● Task instructions: Copy each line from the entries that the word "exists" appears in.

─── Dataset excerpts

(* Let $U,V\in\mathcal{L}_2(\mathbb{R}^m)$, $Y:=(U,V)$, and let $S$ be the standard form on $\mathbb{R}^{2m}$. (a) If the convex hull of the support of $\mathrm{Law}(U)$ is $\mathbb{R}^m$, then $\{u:(u,v)\in G\text{ for some }v\}=\mathbb{R}^m$ for every optimal set $G$ of the dual problem. (b) If $V$ is bounded, then there exists an optimal set $G$ of the dual problem such that $\{u:(u,v)\in G\text{ for some }v\}=\mathbb{R}^m$.
   Context: Standard form on $\mathbb{R}^{2m}$: $S((r,s),(u,v)):=\langle s,u\rangle+\langle r,v\rangle$. $G$ is $S$-monotone if $S(x-y,x-y)\ge0$ for $x,y\in G$; maximal if not a strict subset of another $S$-monotone set; $\mathcal{M}(S)$ = family of maximal $S$-monotone sets. $\psi_G(y):=\sup_{x\in G}(S(x,y)-\frac12S(x,x))$. An optimal set of the dual problem is a minimizer of $\mathbb{E}[\psi_G(Y)]$ over $G\in\mathcal{M}(S)$ (such minimizers exist). *)

theory Defs
  imports "HOL-Probability.Probability"
begin

definition Sform :: "('a::euclidean_space \<times> 'a) \<Rightarrow> ('a \<times> 'a) \<Rightarrow> real" where
  "Sform x y = inner (snd x) (fst y) + inner (fst x) (snd y)"

definition S_monotone :: "('a::euclidean_space \<times> 'a) set \<Rightarrow> bool" where
  "S_monotone G \<longleftrightarrow> (\<forall>x\<in>G. \<forall>y\<in>G. Sform (x - y) (x - y) \<ge> 0)"

definition maximal_S_monotone :: "('a::euclidean_space \<times> 'a) set \<Rightarrow> bool" where
  "maximal_S_monotone G \<longleftrightarrow> S_monotone G \<and> \<not> (\<exists>H. S_monotone H \<and> G \<subset> H)"

definition psi :: "('a::euclidean_space \<times> 'a) set \<Rightarrow> ('a \<times> 'a) \<Rightarrow> ereal" where
  "psi G y = (SUP x\<in>G. ereal (Sform x y - Sform x x / 2))"

definition eexpectation :: "'s measure \<Rightarrow> ('s \<Rightarrow> ereal) \<Rightarrow> ereal" where
  "eexpectation M f =
     enn2ereal (\<integral>\<^sup>+ w. e2ennreal (f w) \<partial>M) - enn2ereal (\<integral>\<^sup>+ w. e2ennreal (- f w) \<partial>M)"

definition dual_optimal :: "'s measure \<Rightarrow> ('s \<Rightarrow> 'a::euclidean_space) \<Rightarrow> ('s \<Rightarrow> 'a) \<Rightarrow> ('a \<times> 'a) set \<Rightarrow> bool" where
  "dual_optimal M U V G \<longleftrightarrow> maximal_S_monotone G \<and>
     (\<forall>H. maximal_S_monotone H \<longrightarrow>
        eexpectation M (\<lambda>w. psi G (U w, V w)) \<le> eexpectation M (\<lambda>w. psi H (U w, V w)))"
theorem lemma7p1:
  fixes p :: "rat poly" and a :: "nat \<Rightarrow> complex"
  assumes irr: "irreducible p" and deg: "degree p = 3"
    and conj: "map_poly of_rat p = (\<Prod>i\<in>{1::nat,2,3}. [:- a i, 1:])"
  shows "(\<exists>c::real. \<forall>(q::nat) (\<zeta>::complex) (b::nat \<Rightarrow> complex).
            prime q \<and> \<zeta> ^ q = 1 \<and> (\<forall>k. 0 < k \<and> k < q \<longrightarrow> \<zeta> ^ k \<noteq> 1) \<and>
            (\<forall>i\<in>{1,2,3}. b i ^ q = a i)
            \<longrightarrow> real (card (setC \<zeta> a b)) \<le> c * real q ^ 2)
       \<and> (cmod (a 1 * a 2 * a 3) = 1 \<longrightarrow>
          (\<exists>c::real. \<forall>(q::nat) (\<zeta>::complex) (b::nat \<Rightarrow> complex).
            prime q \<and> \<zeta> ^ q = 1 \<and> (\<forall>k. 0 < k \<and> k < q \<longrightarrow> \<zeta> ^ k \<noteq> 1) \<and>
            (\<forall>i\<in>{1,2,3}. b i ^ q = a i)
            \<longrightarrow> real (card (setC \<zeta> a b)) \<le> c * real q))"
proof -
  have trace: "a 1 + a 2 + a 3 \<in> \<rat>" and norm_Rats: "a 1 * a 2 * a 3 \<in> \<rat>"
    using cubic_roots_sum_prod_Rats[OF conj] by auto
  have kummer: "kummer_generators q \<zeta> a b"
    if "prime q" "primitive_root_unity q \<zeta>" "\<forall>i\<in>{1,2,3}. b i ^ q = a i" for q \<zeta> b
    using that trace by unfold_locales (auto simp: prime_gt_0_nat)
  have "real (card (setC \<zeta> a b)) \<le> 6 * real q ^ 2"
    if "prime q" "primitive_root_unity q \<zeta>" "\<forall>i\<in>{1,2,3}. b i ^ q = a i" for q \<zeta> b
    using of_nat_mono[where 'a = real, OF kummer_generators.card_setC_le_square[OF kummer[OF that]]]
    by simp
  moreover have "real (card (setC \<zeta> a b)) \<le> 12 * real q"
    if "cmod (a 1 * a 2 * a 3) = 1" and
      "prime q" "primitive_root_unity q \<zeta>" "\<forall>i\<in>{1,2,3}. b i ^ q = a i" for q \<zeta> b
    using of_nat_mono[where 'a = real, OF kummer_generators.card_setC_le_linear_prime[OF
          kummer[OF that(2-4)] that(2) Rats_norm_eq_1[OF norm_Rats that(1)]]]
    by simp
  ultimately show ?thesis
    unfolding primitive_root_unity_def by blast
qed

end
(* Let $1\le d<n$ be integers and $A\subseteq\mathbb{F}_2^n$. For a uniformly random $d$-flat $F$ in $\mathbb{F}_2^n$, \[\Pr\big[|A\cap F|\text{ is odd}\big]\le \frac12+\frac{1}{2(2^{n-d+1}-1)}.\]
   Context: A $d$-flat in $\mathbb{F}_2^n$ is a set $x_0+U$ with $x_0\in\mathbb{F}_2^n$ and $U$ a $d$-dimensional linear subspace of $\mathbb{F}_2^n$; "uniformly random $d$-flat" means uniform over the set of all such distinct sets. *)

theory Defs
  imports "HOL-Analysis.Analysis" "HOL-Library.Z2"
begin

text \<open>F_2^n is modelled as the type bit ^ 'n with n = CARD('n); F_2 is the field bit.\<close>

definition f2_scale :: "bit \<Rightarrow> bit ^ 'n \<Rightarrow> bit ^ 'n" where
  "f2_scale c x = (\<chi> i. c * x $ i)"

lemma f2_vector_space: "vector_space (f2_scale :: bit \<Rightarrow> bit ^ 'n \<Rightarrow> bit ^ 'n)"
proof
  fix a b :: bit and x y :: "bit ^ 'n"
  show "f2_scale a (x + y) = f2_scale a x + f2_scale a y"
    unfolding f2_scale_def vec_eq_iff by (simp only: vec_lambda_beta vector_add_component distrib_left) simp
  show "f2_scale (a + b) x = f2_scale a x + f2_scale b x"
    unfolding f2_scale_def vec_eq_iff by (simp only: vec_lambda_beta vector_add_component distrib_right) simp
  show "f2_scale a (f2_scale b x) = f2_scale (a * b) x"
    unfolding f2_scale_def vec_eq_iff by (simp add: mult.assoc)
  show "f2_scale 1 x = x"
    unfolding f2_scale_def vec_eq_iff by simp
qed

definition flats :: "nat \<Rightarrow> (bit ^ 'n) set set" where
  "flats d = {(\<lambda>u. x0 + u) ` U | x0 U.
     module.subspace f2_scale U \<and> vector_space.dim f2_scale U = d}"

end

theory Submission
  imports Defs
begin

text \<open>
  Count each d-flat F through its frames: an ordered basis (v, v_1, ..., v_k) of its direction,
  k = d - 1, together with a point x of F; every d-flat has the same number of frames. With
  U = span(v_1, ..., v_k), F is the disjoint union of the cosets x + U and x + v + U, so its sign
  s(F) = (-1)^|A \<inter> F| factors as s(x + U) s(x + v + U). For fixed U, summing over all x and
  all v \<notin> U gives (\<Sum>x. s(x + U))^2 - |U| 2^n \<ge> -|U| 2^n, because for each x the omitted
  terms with v \<in> U contribute |U| s(x + U)^2 = |U|. Summing over U and dividing by the number
  of frames, the signs of all d-flats add up to at least -1/(2^(n-d+1) - 1) times their number;
  since that sum is #flats - 2 #{F. |A \<inter> F| odd}, this is the claim.
\<close>

class boolean_group = ab_group_add +
  assumes add_self [simp]: "a + a = 0"
begin

lemma uminus_boolean [simp]: "- a = a"
  by (rule minus_unique) simp

lemma diff_boolean [simp]: "a - b = a + b"
  by (simp add: diff_conv_add_uminus)

lemma add_self_cancel_left [simp]: "a + (a + b) = b"
  by (simp flip: add.assoc)

lemma card_translate: "card ((+) x ` S) = card S"
  by (rule card_image) (simp add: inj_on_def)

lemma mem_translate_iff: "x \<in> (+) v ` S \<longleftrightarrow> x + v \<in> S"
proof
  assume "x \<in> (+) v ` S"
  then obtain s where "s \<in> S" "x = v + s"
    by blast
  moreover have "v + s + v = s"
    by (metis add.commute add_self_cancel_left)
  ultimately show "x + v \<in> S"
    by simp
next
  assume "x + v \<in> S"
  moreover have "x = v + (x + v)"
    by (metis add.commute add_self_cancel_left)
  ultimately show "x \<in> (+) v ` S"
    by blast
qed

──────

● Result for this task:
(* Let $U,V\in\mathcal{L}_2(\mathbb{R}^m)$, $Y:=(U,V)$, and let $S$ be the standard form on $\mathbb{R}^{2m}$. (a) If the convex hull of the support of $\mathrm{Law}(U)$ is $\mathbb{R}^m$, then $\{u:(u,v)\in G\text{ for some }v\}=\mathbb{R}^m$ for every optimal set $G$ of the dual problem. (b) If $V$ is bounded, then there exists an optimal set $G$ of the dual problem such that $\{u:(u,v)\in G\text{ for some }v\}=\mathbb{R}^m$.
  "maximal_S_monotone G \<longleftrightarrow> S_monotone G \<and> \<not> (\<exists>H. S_monotone H \<and> G \<subset> H)"
  shows "(\<exists>c::real. \<forall>(q::nat) (\<zeta>::complex) (b::nat \<Rightarrow> complex).
          (\<exists>c::real. \<forall>(q::nat) (\<zeta>::complex) (b::nat \<Rightarrow> complex).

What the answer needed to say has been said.